Non sono stati, infatti, evidenziati "solo" i risultati dell'analisi delle urine (sui quali si sofferma il ricorso e indicati nel capo di imputazione) ma, soprattutto, le risultanze delle analisi sul sangue, alle quali l'imputato si era volontariamente sottoposto eseguite presso un ospedale pubblico e dalle quali era emersa "la presenza di 5.2 ng/ml di delta9-tetraidrocannabinolo e di 3.4 ng/ml di 11-0Hteatraidrocannabinolo", accanto ad elementi sintomatici "esterni" di alterazione, desumibili dal comportamento quali la guida pericolosa; le violente reazioni al momento del controllo, corrispondenti proprio agli effetti soggettivi di aumento della reattività verso stimoli esterni e superamento delle inibizioni oltre all'alterazione delle percezioni visive e spazio-temporali nonché euforia generati dall'assunzione di hashish e marjuana.

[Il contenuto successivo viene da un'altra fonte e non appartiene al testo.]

lemma qform_adj_mult:
  "qform n (cmult n (cadj T) T) v = (\<Sum>l<n. cnj (\<Sum>j<n. T l j * v j) * (\<Sum>j<n. T l j * v j))"
proof -
  have "qform n (cmult n (cadj T) T) v = (\<Sum>i<n. \<Sum>j<n. \<Sum>l<n. cnj (T l i * v i) * (T l j * v j))"
    by (simp add: qform_def cmult_app cadj_def sum_distrib_left sum_distrib_right mult_ac)
  also have "\<dots> = (\<Sum>i<n. \<Sum>l<n. \<Sum>j<n. cnj (T l i * v i) * (T l j * v j))"
    by (rule sum.cong[OF refl], rule sum.swap)
  also have "\<dots> = (\<Sum>l<n. \<Sum>i<n. \<Sum>j<n. cnj (T l i * v i) * (T l j * v j))"
    by (rule sum.swap)
  also have "\<dots> = (\<Sum>l<n. cnj (\<Sum>j<n. T l j * v j) * (\<Sum>j<n. T l j * v j))"
    by (simp add: sum_distrib_left sum_distrib_right cnj_sum) (rule sum.cong[OF refl], rule sum.swap)
  finally show ?thesis .
qed

lemma cpos_adj_mult: assumes "T \<in> sq n" shows "cpos n (cmult n (cadj T) T)"
  unfolding cpos_qform
proof (intro conjI allI)
  show "cmult n (cadj T) T \<in> sq n" using assms by simp
  fix v
  have e: "qform n (cmult n (cadj T) T) v = complex_of_real (\<Sum>l<n. (cmod (\<Sum>j<n. T l j * v j))\<^sup>2)"
    unfolding qform_adj_mult cnj_mult_self by simp
  show "Im (qform n (cmult n (cadj T) T) v) = 0" unfolding e by (simp only: Im_complex_of_real)
  show "0 \<le> Re (qform n (cmult n (cadj T) T) v)" unfolding e Re_complex_of_real by (simp add: sum_nonneg)
qed

lemma cpos_inverse:
  assumes Y: "cpos n Y" and Z: "Z \<in> sq n" "cmult n Y Z = cid n" "cmult n Z Y = cid n"
  shows "cpos n Z"
proof -
  have hY: "cadj Y = Y" by (rule cpos_hermitian[OF Y])
  have hZ: "cadj Z = Z"
  proof -
    have c: "cmult n (cadj Z) (cadj Y) = cid n" using Z(2) by (metis cadj_cmult cadj_cid)
    have "cadj Z = cmult n (cadj Z) (cmult n Y Z)" using Z by (simp add: cmult_cid_right)
    also have "\<dots> = cmult n (cmult n (cadj Z) (cadj Y)) Z" using hY by (simp add: cmult_assoc)
    also have "\<dots> = Z" using Z by (simp add: c cmult_cid_left)
    finally show ?thesis .
  qed
  then have cnjZ: "cnj (Z i j) = Z j i" for i j by (metis cadj_def)
  have "qform n Z v = qform n Y (\<lambda>i. \<Sum>j<n. Z i j * v j)" for v
  proof -
    define w where "w = (\<lambda>i. \<Sum>j<n. Z i j * v j)"
    have Yw: "(\<Sum>j<n. Y i j * w j) = v i" if "i < n" for i
    proof -
      have "(\<Sum>j<n. Y i j * w j) = (\<Sum>j<n. cmult n Y Z i j * v j)"
        by (simp add: w_def cmult_apply_vec)
      also have "\<dots> = v i" using that by (simp add: Z(2) cid_def)
      finally show ?thesis .
    qed
    have "qform n Y w = (\<Sum>i<n. cnj (w i) * (\<Sum>j<n. Y i j * w j))"
      by (simp add: qform_def sum_distrib_left mult.assoc)
    also have "\<dots> = (\<Sum>i<n. cnj (w i) * v i)" using Yw by simp
    also have "\<dots> = (\<Sum>i<n. \<Sum>j<n. cnj (v j) * Z j i * v i)"
      by (simp add: w_def cnj_sum sum_distrib_left sum_distrib_right cnjZ mult_ac)
    also have "\<dots> = qform n Z v" unfolding qform_def by (rule sum.swap)
    finally show ?thesis unfolding w_def by simp
  qed
  then show ?thesis using Y Z(1) unfolding cpos_qform by simp
qed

La presenza accertata dei metaboliti della sostanza stupefacente nel sangue in misura così rilevante - in Italia non esiste una differenziazione per tassi-soglia, come per l'alcol, ma viene in rilievo il d.m. 186 del 12 luglio 1990 sulla metodica di accertamento dell'uso abituale di stupefacenti nelle 24 ore che individua quella di 0,5 gr., per l'hashish in relazione al principio attivo Delta-9 THC - è indice, a differenza della pur riscontrata positività all'analisi delle urine, del perdurante influsso delle sostanze stupefacenti sul soggetto poiché la metabolizzazione in corso, e quindi il processo di assorbimento corporeo, in relazione alla quantità rilevata, è indice di un processo che di per sé attesta l'alterazione dello stato psicofisico, poiché indica che è in corso lo smaltimento corporeo dell'effetto drogante.
Infatti l'effetto dell'assunzione degli stupefacenti cessa con la completa metabolizzazione da parte dell'organismo e sino a quando questa è in corso si deve ritenere l'assuntore in stato di alterazione, tanto più ove i valori rilevati siano indice di un processo metabolico lungi dal concludersi (cfr. Sez. 4, n. 16895 del 27 marzo 2012, A., Rv. 252377).

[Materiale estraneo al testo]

theorem theorem3p1:
  shows "(\<forall>n::nat. \<forall>z::complex. n \<ge> 1 \<longrightarrow> (Re z = 0 \<longrightarrow> \<bar>Im z\<bar> < 1) \<longrightarrow> z \<noteq> 0 \<longrightarrow>
            (deriv ^^ n) Arctan z =
              of_nat (fact (n - 1)) / (2 * z) ^ (n - 1) *
              (\<Sum>k=0..n-1. (-1)^k * of_nat (k choose (n - k - 1)) *
                 (2 * z) ^ (2 * k) / (1 + z\<^sup>2) ^ (k + 1)))
       \<and> (\<forall>z::complex. cmod (z - 1) < sqrt 2 \<longrightarrow>
            (\<lambda>n. (-1)^n * complex_of_real (pi / 4 + T n) * (z - 1) ^ n) sums arctan_div z)"
proof (intro conjI allI impI)
  fix n :: nat and z :: complex
  assume "n \<ge> 1" and "Re z = 0 \<longrightarrow> \<bar>Im z\<bar> < 1" and "z \<noteq> 0"
  then obtain m where n: "n = Suc m" and z: "z \<in> arctan_domain"
    by (auto simp: arctan_domain_def intro: that [of "n - 1"])
  have "(\<Sum>k=0..n-1. (-1)^k * of_nat (k choose (n - k - 1)) * (2 * z) ^ (2 * k) / (1 + z\<^sup>2) ^ (k + 1))
      = (2 * z) ^ m * pf_deriv m z"
    using sum_choose_eq_pf_deriv [OF one_plus_square_nonzero [OF z], of m] by (simp add: n)
  then show "(deriv ^^ n) Arctan z =
      of_nat (fact (n - 1)) / (2 * z) ^ (n - 1) *
      (\<Sum>k=0..n-1. (-1)^k * of_nat (k choose (n - k - 1)) * (2 * z) ^ (2 * k) / (1 + z\<^sup>2) ^ (k + 1))"
    unfolding n higher_deriv_Arctan [OF z] using \<open>z \<noteq> 0\<close> by simp
next
  fix z :: complex
  assume "cmod (z - 1) < sqrt 2"
  then have "z \<in> ball 1 (sqrt 2)"
    by (simp add: dist_norm norm_minus_commute)
  with holomorphic_power_series [OF holomorphic_on_subset [OF arctan_div_holomorphic
          ball_one_sqrt2_subset_arctan_domain]]
  show "(\<lambda>n. (-1)^n * complex_of_real (pi / 4 + T n) * (z - 1) ^ n) sums arctan_div z"
    by (simp add: arctan_div_taylor_coeff)
qed

end
lemma Rayleigh_maximiser_is_eigenvector:
  fixes A :: "real^'n^'n"
  assumes sym: "transpose A = A" and U: "subspace U" and inv: "\<And>y. y \<in> U \<Longrightarrow> A *v y \<in> U"
    and x: "x \<in> U" "x \<bullet> x = 1"
    and max: "\<And>y. y \<in> U \<Longrightarrow> y \<bullet> (A *v y) \<le> (x \<bullet> (A *v x)) * (y \<bullet> y)"
  shows "A *v x = (x \<bullet> (A *v x)) *\<^sub>R x"
proof -
  define \<mu> where "\<mu> = x \<bullet> (A *v x)"
  define w where "w = A *v x - \<mu> *\<^sub>R x"
  have "w \<in> U" unfolding w_def using inv x U by (intro subspace_diff subspace_scale) auto
  have "2 * (w \<bullet> w) * t + (w \<bullet> (A *v w) - \<mu> * (w \<bullet> w)) * t\<^sup>2 \<le> 0" for t
  proof -
    have "x + t *\<^sub>R w \<in> U" using x \<open>w \<in> U\<close> U by (intro subspace_add subspace_scale) auto
    then have le: "(x + t *\<^sub>R w) \<bullet> (A *v (x + t *\<^sub>R w)) \<le> \<mu> * ((x + t *\<^sub>R w) \<bullet> (x + t *\<^sub>R w))"
      unfolding \<mu>_def by (rule max)
    have "(A *v w) \<bullet> x = w \<bullet> (A *v x)" by (rule inner_matrix_vector_symmetric[OF sym])
    then have quad: "(x + t *\<^sub>R w) \<bullet> (A *v (x + t *\<^sub>R w))
        = \<mu> + 2 * t * (w \<bullet> (A *v x)) + t\<^sup>2 * (w \<bullet> (A *v w))"
      by (simp add: algebra_simps inner_add_left inner_add_right \<mu>_def power2_eq_square inner_commute)
    have sq: "(x + t *\<^sub>R w) \<bullet> (x + t *\<^sub>R w) = 1 + 2 * t * (w \<bullet> x) + t\<^sup>2 * (w \<bullet> w)"
      using x(2) by (simp add: algebra_simps inner_add_left inner_add_right power2_eq_square inner_commute)
    have ww: "w \<bullet> w = w \<bullet> (A *v x) - \<mu> * (w \<bullet> x)"
      unfolding w_def by (simp add: inner_diff_right)
    show ?thesis using le unfolding quad sq ww by (simp add: algebra_simps)
  qed
  then have "2 * (w \<bullet> w) = 0" by (rule linear_coeff_eq_0_if_quadratic_nonpos)
  then show ?thesis unfolding w_def \<mu>_def by simp
qed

Con tali risultanze probatorie, che corrispondono a criteri di accertamento in uso presso un ospedale pubblico, convalidati dalla comunità scientifica e dalle linee guida dettate in materia di accertamento "attuale" dello stato di assunzione di stupefacenti seguite dai laboratori di analisi, oltre che nel richiamato decreto ministeriale, non si confrontano le deduzioni difensive per tale aspetto anche generiche.
3. Consegue al rigetto del ricorso la condanna del ricorrente al pagamento delle spese processuali.
P.Q.M.
Rigetta il ricorso e condanna il ricorrente al pagamento delle spese processuali.
Così deciso in Roma, 10 maggio 2022.
Depositato in Cancelleria il 15 giugno 2023.